What I find more significant than the accuracy claims is the workflow itself. The closed-loop integration between Heron and Fugaku demonstrates something I’ve been tracking in my CRQC Quantum Capability Framework: we’re entering the era where quantum processors function as specialized accelerators within larger computational systems rather than standalone miracle machines.
This hybrid approach aligns with how I see the path to cryptographically relevant quantum computers (CRQC) unfolding. We won’t wake up one morning to find classical encryption suddenly broken. Instead, quantum systems will gradually take on larger portions of specific computational tasks while classical systems handle everything else.
Jay Gambetta’s characterization of quantum advantage as “a scientific debate” rather than a clear milestone is refreshingly honest. He’s acknowledging what many of us have been saying: the transition from classical to quantum superiority will be messy, contested, and domain-specific.
The proliferation of quantum advantage claims, from HSBC and IBM’s optimization work to Quantinuum’s Helios experiments, highlights why standardized benchmarking efforts like IBM’s Quantum Advantage Tracker and the UK NPL’s QCMet suite are crucial. Without consistent metrics, we’re comparing apples to quantum oranges.
Here’s my take on what this announcement really means:
IBM is demonstrating that quantum-classical hybrid systems can tackle problems at scales where pure classical approaches become computationally expensive. The iron-sulfur calculation required resources beyond exact diagonalization capabilities. That’s meaningful progress.
But we’re still in the realm of scientific demonstrations, not practical applications. The 0.1 Hartree gap between quantum results and best classical methods represents years of improvement needed before quantum chemistry calculations become truly competitive.
More importantly for my readers concerned about cryptographic security: this announcement doesn’t change the timeline to Q-Day. IBM’s 2029 target for fault-tolerant quantum computing remains aspirational but plausible. The company’s roadmap through Nighthawk and Loon processors shows steady progress toward error-corrected systems.

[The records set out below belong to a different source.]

lemma perm_mat_imp_quasi_perm_mat:
  assumes "is_perm_mat M" shows "is_quasi_perm_mat M"
proof -
  obtain m n f where M: "M = (m, n, f)" by (metis prod.exhaust)
  from assms obtain \<sigma> where \<sigma>: "\<sigma> permutes {..<n}" "\<forall>i<n. \<forall>j<n. f i j = (i = \<sigma> j)"
    and wf: "wf_bmat M" and "m = n"
    unfolding is_perm_mat_def M by (simp only: prod.case) blast
  have f: "i = \<sigma> j" if "f i j" for i j
  proof -
    have "i < n" "j < n" using that wf \<open>m = n\<close> unfolding M wf_bmat_def by simp_all
    then show ?thesis using that \<sigma>(2) by blast
  qed
  have "inj \<sigma>" using permutes_inj[OF \<sigma>(1)] .
  then have "\<forall>i j j'. f i j \<and> f i j' \<longrightarrow> j = j'" "\<forall>i i' j. f i j \<and> f i' j \<longrightarrow> i = i'"
    using f by (metis injD)+
  then show ?thesis using wf unfolding is_quasi_perm_mat_def M by simp
qed

lemma amb_wf: "amb s M \<Longrightarrow> wf_bmat M"
  by (cases s) (auto simp: is_quasi_perm_mat_def)

lemma amb_submat: "M' \<preccurlyeq> M \<Longrightarrow> amb s M \<Longrightarrow> amb s M'"
  by (cases s) (auto intro: quasi_perm_mat_submat dest: submat_wf)

lemma obj_imp_amb: "obj s P \<Longrightarrow> amb s P"
  by (cases s) (auto intro: perm_mat_imp_quasi_perm_mat simp: is_polyomino_def)

lemma canonical_mbasisD:
  assumes "M \<in> canonical_mbasis s C"
  shows "amb s M" "M \<notin> cplus C" "amb s M' \<Longrightarrow> M' \<notin> cplus C \<Longrightarrow> M' \<preccurlyeq> M \<Longrightarrow> M' = M"
  using assms unfolding canonical_mbasis_def by blast+

lemma canonical_mbasis_below:
  assumes "amb s N" "N \<notin> cplus C"
  obtains M where "M \<in> canonical_mbasis s C" "M \<preccurlyeq> N"
proof -
  let ?S = "{M. amb s M \<and> M \<notin> cplus C}"
  obtain Y where "Y \<in> ?S" "Y \<preccurlyeq> N" "\<forall>Z\<in>?S. Z \<preccurlyeq> Y \<longrightarrow> Z = Y"
    using ex_minimal_submat_below[of N ?S] assms amb_wf by blast
  then show ?thesis using that unfolding canonical_mbasis_def by blast
qed

lemma Av_canonical_mbasis:
  assumes "is_class s C"
  shows "Av s (canonical_mbasis s C) = C"
proof
  show "C \<subseteq> Av s (canonical_mbasis s C)"
    using assms unfolding Av_def is_class_def canonical_mbasis_def cplus_def by blast
next
  show "Av s (canonical_mbasis s C) \<subseteq> C"
  proof
    fix P assume P: "P \<in> Av s (canonical_mbasis s C)"
    then have "obj s P" unfolding Av_def by blast
    show "P \<in> C"
    proof (rule ccontr)
      assume "P \<notin> C"
      then have "P \<notin> cplus C"
        using assms \<open>obj s P\<close> unfolding cplus_def is_class_def by blast
      then show False
        using canonical_mbasis_below[OF obj_imp_amb[OF \<open>obj s P\<close>]] P unfolding Av_def by blast
    qed
  qed
qed

lemma canonical_mbasis_is_mbasis:
  assumes "is_class s C" shows "is_mbasis s C (canonical_mbasis s C)"
proof -
  have "antichain_bm (canonical_mbasis s C)"
    unfolding antichain_bm_def using canonical_mbasisD by metis
  then show ?thesis
    using Av_canonical_mbasis[OF assms] amb_wf canonical_mbasisD(1) unfolding is_mbasis_def by blast
qed

lemma canonical_mbasis_replace_submat:
  assumes "M \<in> canonical_mbasis s C" "M' \<preccurlyeq> M" "M' \<noteq> M"
  shows "C \<noteq> Av s ((canonical_mbasis s C - {M}) \<union> {M'})"
proof -
  have "M' \<in> cplus C"
    using canonical_mbasisD[OF assms(1)] amb_submat[OF assms(2)] assms(2,3) by blast
  then obtain Q where "Q \<in> C" "M' \<preccurlyeq> Q" unfolding cplus_def by blast
  then show ?thesis unfolding Av_def by blast
qed

lemma minimal_mbasis_subset_canonical_mbasis:
  assumes "is_minimal_mbasis s C N"
  shows "N \<subseteq> canonical_mbasis s C"
proof
  fix n assume n: "n \<in> N"
  have Av: "C = Av s N" and proper: "\<And>N'. N' \<subset> N \<Longrightarrow> C \<noteq> Av s N'"
    and replace: "\<And>n'. n' \<preccurlyeq> n \<Longrightarrow> n' = n \<or> C \<noteq> Av s ((N - {n}) \<union> {n'})"
    using assms n unfolding is_minimal_mbasis_def is_mbasis_def by blast+
  have "n \<notin> cplus C" using Av n unfolding cplus_def Av_def by blast
  have "\<exists>P. obj s P \<and> n \<preccurlyeq> P"
  proof (rule ccontr)
    assume "\<not> ?thesis"
    then have "Av s (N - {n}) = Av s N" unfolding Av_def by blast
    then show False using proper[of "N - {n}"] Av n by blast
  qed
  then have "amb s n" using amb_submat obj_imp_amb by blast
  then obtain M where M: "M \<in> canonical_mbasis s C" "M \<preccurlyeq> n"
    using canonical_mbasis_below \<open>n \<notin> cplus C\<close> by blast
  have "\<not> M \<preccurlyeq> P" if "P \<in> C" for P
    using canonical_mbasisD(2)[OF M(1)] that unfolding cplus_def by blast
  then have "C = Av s ((N - {n}) \<union> {M})"
    using Av M(2) submat_trans unfolding Av_def by blast
  then have "M = n" using replace[OF M(2)] by blast
  then show "n \<in> canonical_mbasis s C" using M(1) by simp
qed

definition separated_by_objects :: "setting \<Rightarrow> bmat set \<Rightarrow> bool" where
  "separated_by_objects s \<M> \<longleftrightarrow>
     (\<forall>M\<in>\<M>. \<exists>P. obj s P \<and> M \<preccurlyeq> P \<and> (\<forall>M'\<in>\<M>. M' \<noteq> M \<longrightarrow> \<not> M' \<preccurlyeq> P))"

lemma separated_superset_of_mbasis:
  assumes "separated_by_objects s \<M>" "\<M> \<inter> cplus C = {}" "N \<subseteq> \<M>" "C = Av s N"
  shows "\<M> \<subseteq> N"
proof
  fix M assume "M \<in> \<M>"
  then obtain P where P: "obj s P" "M \<preccurlyeq> P" "\<forall>M'\<in>\<M>. M' \<noteq> M \<longrightarrow> \<not> M' \<preccurlyeq> P"
    using assms(1) unfolding separated_by_objects_def by blast
  have "P \<notin> C" using assms(2) \<open>M \<in> \<M>\<close> P(2) unfolding cplus_def by blast
  then obtain n where "n \<in> N" "n \<preccurlyeq> P" using assms(4) P(1) unfolding Av_def by blast
  moreover have "n = M" using \<open>n \<in> N\<close> \<open>n \<preccurlyeq> P\<close> assms(3) P(3) by blast
  ultimately show "M \<in> N" by simp
qed

theorem proposition7:
  fixes s :: setting and C :: "bmat set"
  assumes "is_class s C"
    and "\<forall>M\<in>canonical_mbasis s C. \<exists>P. obj s P \<and> M \<preccurlyeq> P \<and>
           (\<forall>M'\<in>canonical_mbasis s C. M' \<noteq> M \<longrightarrow> \<not> M' \<preccurlyeq> P)"
  shows "is_minimal_mbasis s C (canonical_mbasis s C) \<and> (\<exists>!\<M>. is_minimal_mbasis s C \<M>)"
proof -
  let ?K = "canonical_mbasis s C"
  have sep: "separated_by_objects s ?K"
    using assms(2) unfolding separated_by_objects_def .
  have outside: "?K \<inter> cplus C = {}"
    using canonical_mbasisD(2) by blast
  have "C \<noteq> Av s \<M>'" if "\<M>' \<subset> ?K" for \<M>'
    using separated_superset_of_mbasis[OF sep outside, of \<M>'] that by blast
  then have minimal: "is_minimal_mbasis s C ?K"
    using canonical_mbasis_is_mbasis[OF assms(1)] canonical_mbasis_replace_submat
    unfolding is_minimal_mbasis_def by blast
  have "N = ?K" if "is_minimal_mbasis s C N" for N
    using minimal_mbasis_subset_canonical_mbasis[OF that] that
      separated_superset_of_mbasis[OF sep outside]
    unfolding is_minimal_mbasis_def is_mbasis_def by blast
  then show ?thesis using minimal by blast
qed

end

The real story here isn’t that quantum computers are about to revolutionize chemistry or break encryption. It’s that we’re watching the careful construction of hybrid computational infrastructure that will eventually enable those breakthroughs.
IBM’s claim of imminent quantum advantage is both overstated and understated. Overstated because the chemistry results still lag behind classical methods. Understated because the successful orchestration of quantum and classical resources at this scale represents a fundamental shift in how we’ll compute in the future.